Keeping sellers happy is an especially sensitive issue for eBay. The company’s efforts to shore up its business last year hit some turbulence as fee and feedback policy changes prompted outrage within the seller community, resulting in widespread boycotts and some online merchants vowing to defect to smaller startup marketplaces.

But during yesterday’s shareholder meeting, eBay executives faced questions about whether it had acted too slowly in implementing necessary changes to reverse the stock’s decline.

“Our challenge is that we’re a marketplace model and we are deeply committed to that — we’re not retail,” Donahoe said. “So on the one hand, analysts ask why we aren’t changing fast enough, but the fact is we’re sensitive to our sellers’ needs, and they say we’ve been too aggressive and too fast, so we try to strike a balance.”

“In 2008, we instituted incremental changes to make the experience safer and easier, in the interim, the competition moved faster, so 18 months ago our user experience had to catch up. That meant making not incremental, but fundamental changes — that meant making controversial changes to feedback, pricing, search.

The news continues efforts by eBay execs to distance their company from Amazon (NASDAQ: AMZN), by saying that the two are fundamentally different businesses: eBay includes a mix of liquidation, collectibles and flea market-type wares based on a tight seller community, while individual sellers have less of a direct role in Amazon’s model.

But eBay executives are still under the gun to prove their model can work — especially after posting fourth-quarter results that included a 31 percent decline in revenue — its first year-to-year drop in revenue.

Making matters worse is that Amazon (NASDAQ: AMZN) reported total sales of $4.89 billion, up 18 percent from the first quarter in 2008 and ahead of Wall Street estimates.

The continued problems have industry watchers wondering whether the company’s on the correct track.

[cob:Special_Report]”I think Donahoe got it right, in terms of sellers saying, ‘Stop, it’s too much, too fast,'” Ina Steiner, editor of AuctionBytes.com, told InternetNews.com. “That’s absolutely correct.”

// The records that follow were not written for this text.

lemma free_complete_card_Int_le_1:
  assumes conf: "configuration S L v (n - 1) b k"
    and fr1: "freely_contains_complete S L X1" and cX1: "card X1 = n"
    and fr2: "freely_contains_complete S L X2" and x: "x \<in> X2 - X1"
  shows "card (X1 \<inter> X2) \<le> 1"
proof -
  have "y = y'" if y: "y \<in> X1 \<inter> X2" "y' \<in> X1 \<inter> X2" for y y'
  proof (rule ccontr)
    assume "y \<noteq> y'"
    have clique: "\<forall>a\<in>X2. \<forall>b\<in>X2. a \<noteq> b \<longrightarrow> collinear L a b"
      using fr2 unfolding freely_contains_complete_def by blast
    obtain m where m: "m \<in> L" "y \<in> m" "x \<in> m"
      using clique x y(1) unfolding collinear_def by (metis DiffE IntD1 IntD2)
    obtain m' where m': "m' \<in> L" "y' \<in> m'" "x \<in> m'"
      using clique x y(2) unfolding collinear_def by (metis DiffE IntD1 IntD2)
    have "m = m'"
      using free_complete_unique_secant[OF conf fr1 cX1 _ m(1,3,2) _ m'(1,3,2)] x y by blast
    moreover have "x \<noteq> y" "x \<noteq> y'" using x y by auto
    ultimately have "{x, y, y'} \<subseteq> m \<inter> X2" and "card {x, y, y'} = 3"
      using m m' x y \<open>y \<noteq> y'\<close> by auto
    then have "3 \<le> card (m \<inter> X2)"
      using configuration_finite_line[OF conf m(1)] by (metis card_mono finite_Int)
    then show False using free_complete_card_Int_line_le[OF fr2 m(1)] by simp
  qed
  then show ?thesis using free_complete_finite[OF conf fr1] by (simp add: card_le_Suc0_iff_eq)
qed

text \<open>On lines of size 3 an even intersection with D is 0 or 2, so S - D meets each line in
  1 or 3 points.\<close>

lemma hyperplane_Diff_evenly_met:
  assumes conf: "configuration S L v r b 3" and "D \<subseteq> S" "D \<noteq> {}"
    and even: "\<And>l. l \<in> L \<Longrightarrow> even (card (l \<inter> D))"
  shows "hyperplane S L (S - D)"
  unfolding hyperplane_def subspace_def
proof (intro conjI ballI impI)
  show "S - D \<noteq> S" using assms(2,3) by blast
next
  fix l assume l: "l \<in> L"
  have "l \<subseteq> S" "card l = 3" using conf l unfolding configuration_def by blast+
  then have "finite l" by (metis card.infinite zero_neq_numeral)
  have "l \<inter> (S - D) = l - l \<inter> D" using \<open>l \<subseteq> S\<close> by blast
  then have lD: "card (l \<inter> (S - D)) + card (l \<inter> D) = 3"
    using \<open>finite l\<close> \<open>card l = 3\<close> card_mono[OF \<open>finite l\<close>, of "l \<inter> D"]
    by (simp add: card_Diff_subset)
  have "card (l \<inter> D) \<le> 3" using lD by linarith
  then have D02: "card (l \<inter> D) = 0 \<or> card (l \<inter> D) = 2" using even[OF l] by presburger
  show "l \<inter> (S - D) \<noteq> {}" using lD D02 by auto
  assume "2 \<le> card (l \<inter> (S - D))"
  then have "card (l \<inter> D) = 0" using lD D02 by linarith
  then show "l \<subseteq> S - D" using \<open>l \<subseteq> S\<close> \<open>finite l\<close> by auto
qed simp

lemma free_complete_even_card_Int_sym_diff:
  assumes conf: "configuration S L v (n - 1) b k"
    and "freely_contains_complete S L X1" "card X1 = n"
    and "freely_contains_complete S L X2" "card X2 = n" and l: "l \<in> L"
  shows "even (card (l \<inter> sym_diff X1 X2))"
  using configuration_finite_line[OF conf l]
    free_complete_even_card_line_Int[OF conf assms(2,3) l]
    free_complete_even_card_line_Int[OF conf assms(4,5) l]
  by (rule even_card_Int_sym_diff)

lemma free_complete_sym_diff_not_clique:
  assumes conf: "configuration S L v (n - 1) b 3" and "n \<ge> 3"
    and fr1: "freely_contains_complete S L X1" and cX1: "card X1 = n"
    and fr2: "freely_contains_complete S L X2" and cX2: "card X2 = n"
    and "X1 \<noteq> X2"
  defines "D \<equiv> sym_diff X1 X2"
  shows "\<not> (\<forall>a\<in>D. \<forall>b\<in>D. a \<noteq> b \<longrightarrow> collinear L a b)"
proof
  assume clique: "\<forall>a\<in>D. \<forall>b\<in>D. a \<noteq> b \<longrightarrow> collinear L a b"
  have fin: "finite X1" using free_complete_finite[OF conf fr1] .
  then obtain x where x: "x \<in> X2 - X1"
    using Diff_not_empty_if_card_eq cX1 cX2 \<open>X1 \<noteq> X2\<close> by (metis ex_in_conv)
  have "card (X1 - X2) = card X1 - card (X1 \<inter> X2)"
    using fin by (simp add: card_Diff_subset_Int)
  then have "2 \<le> card (X1 - X2)"
    using free_complete_card_Int_le_1[OF conf fr1 cX1 fr2 x] cX1 \<open>n \<ge> 3\<close> by linarith
  then obtain a a' where a: "a \<in> X1 - X2" "a' \<in> X1 - X2" "a \<noteq> a'"
    using card_le_Suc0_iff_eq[of "X1 - X2"] fin by force
  have "a \<in> D" "a' \<in> D" "x \<in> D" using a x unfolding D_def by blast+
  then obtain m m' where m: "m \<in> L" "a \<in> m" "x \<in> m" and m': "m' \<in> L" "a' \<in> m'" "x \<in> m'"
    using clique a x unfolding collinear_def by (metis DiffD1 DiffD2)
  have "m = m'"
    using free_complete_unique_secant[OF conf fr1 cX1 _ m(1,3,2) _ m'(1,3,2)] a x by blast
  moreover have "a \<noteq> x" "a' \<noteq> x" using a x by auto
  ultimately have "{a, a', x} \<subseteq> m \<inter> D" "card {a, a', x} = 3"
    using m m' a x \<open>x \<in> D\<close> \<open>a \<in> D\<close> \<open>a' \<in> D\<close> by auto
  moreover have "card m = 3" using conf m(1) unfolding configuration_def by blast
  moreover have "finite m" using configuration_finite_line[OF conf m(1)] .
  ultimately have "m \<inter> D = m"
    by (metis card_mono card_subset_eq finite_Int inf_le1 order_antisym)
  then show False
    using free_complete_even_card_Int_sym_diff[OF conf fr1 cX1 fr2 cX2 m(1)] \<open>card m = 3\<close>
    unfolding D_def by simp
qed

theorem proposition1p8:
  fixes S :: "'a set" and L :: "'a set set" and n :: nat and X1 X2 :: "'a set"
  assumes "n \<ge> 3"
    and "configuration S L ((n + 1) choose 2) (n - 1) ((n + 1) choose 3) 3"
    and "X1 \<subseteq> S" and "X2 \<subseteq> S" and "card X1 = n" and "card X2 = n" and "X1 \<noteq> X2"
    and "freely_contains_complete S L X1" and "freely_contains_complete S L X2"
  shows "hyperplane S L (sym_pitchfork S (S - X1) (S - X2))
    \<and> \<not> (\<exists>C\<subseteq>S. (\<forall>a\<in>C. \<forall>b\<in>C. a \<noteq> b \<longrightarrow> collinear L a b)
                 \<and> sym_pitchfork S (S - X1) (S - X2) = S - C)"
proof -
  note conf = assms(2) and fr1 = assms(8) and fr2 = assms(9)
  define D where "D = sym_diff X1 X2"
  have pitchfork: "sym_pitchfork S (S - X1) (S - X2) = S - D"
    unfolding sym_pitchfork_def D_def using assms(3,4) by blast
  have "D \<subseteq> S" using assms(3,4) unfolding D_def by blast
  moreover have "D \<noteq> {}"
    using Diff_not_empty_if_card_eq[OF free_complete_finite[OF conf fr1]] assms(5-7) unfolding D_def by auto
  ultimately have "hyperplane S L (S - D)"
    using free_complete_even_card_Int_sym_diff[OF conf fr1 assms(5) fr2 assms(6)] unfolding D_def
    by (rule hyperplane_Diff_evenly_met[OF conf])
  moreover have "\<not> (\<exists>C\<subseteq>S. (\<forall>a\<in>C. \<forall>b\<in>C. a \<noteq> b \<longrightarrow> collinear L a b) \<and> S - D = S - C)"
  proof
    assume "\<exists>C\<subseteq>S. (\<forall>a\<in>C. \<forall>b\<in>C. a \<noteq> b \<longrightarrow> collinear L a b) \<and> S - D = S - C"
    then obtain C where "C \<subseteq> S" "\<forall>a\<in>C. \<forall>b\<in>C. a \<noteq> b \<longrightarrow> collinear L a b" "S - D = S - C"
      by blast
    moreover have "C = D" using calculation(1,3) \<open>D \<subseteq> S\<close> by blast
    ultimately show False
      using free_complete_sym_diff_not_clique[OF conf assms(1) fr1 assms(5) fr2 assms(6,7)]
      unfolding D_def by blast
  qed
  ultimately show ?thesis using pitchfork by simp
qed

end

“But the real question is if the stock is down, are the changes being made the right changes?” she added. “I was surprised given the results of Q4 and Q1 that instead of saying, ‘Sure, you’re going in the right direction, just not fast enough,’ that someone didn’t ask if it was the right approach.”

For now, the company is forging ahead with a plan of action laid out during the eBay analysts briefing a month ago. According to that plan, the company expects to continue pushing its PayPal unit as the global leader in online payments, while its Skype Internet telephony unit will be spun off, potentially through an IPO.

Meanwhile, eBay’s core marketplace will continue shifting to become a more diversified e-commerce platform focusing on liquidation items, Donahoe said today.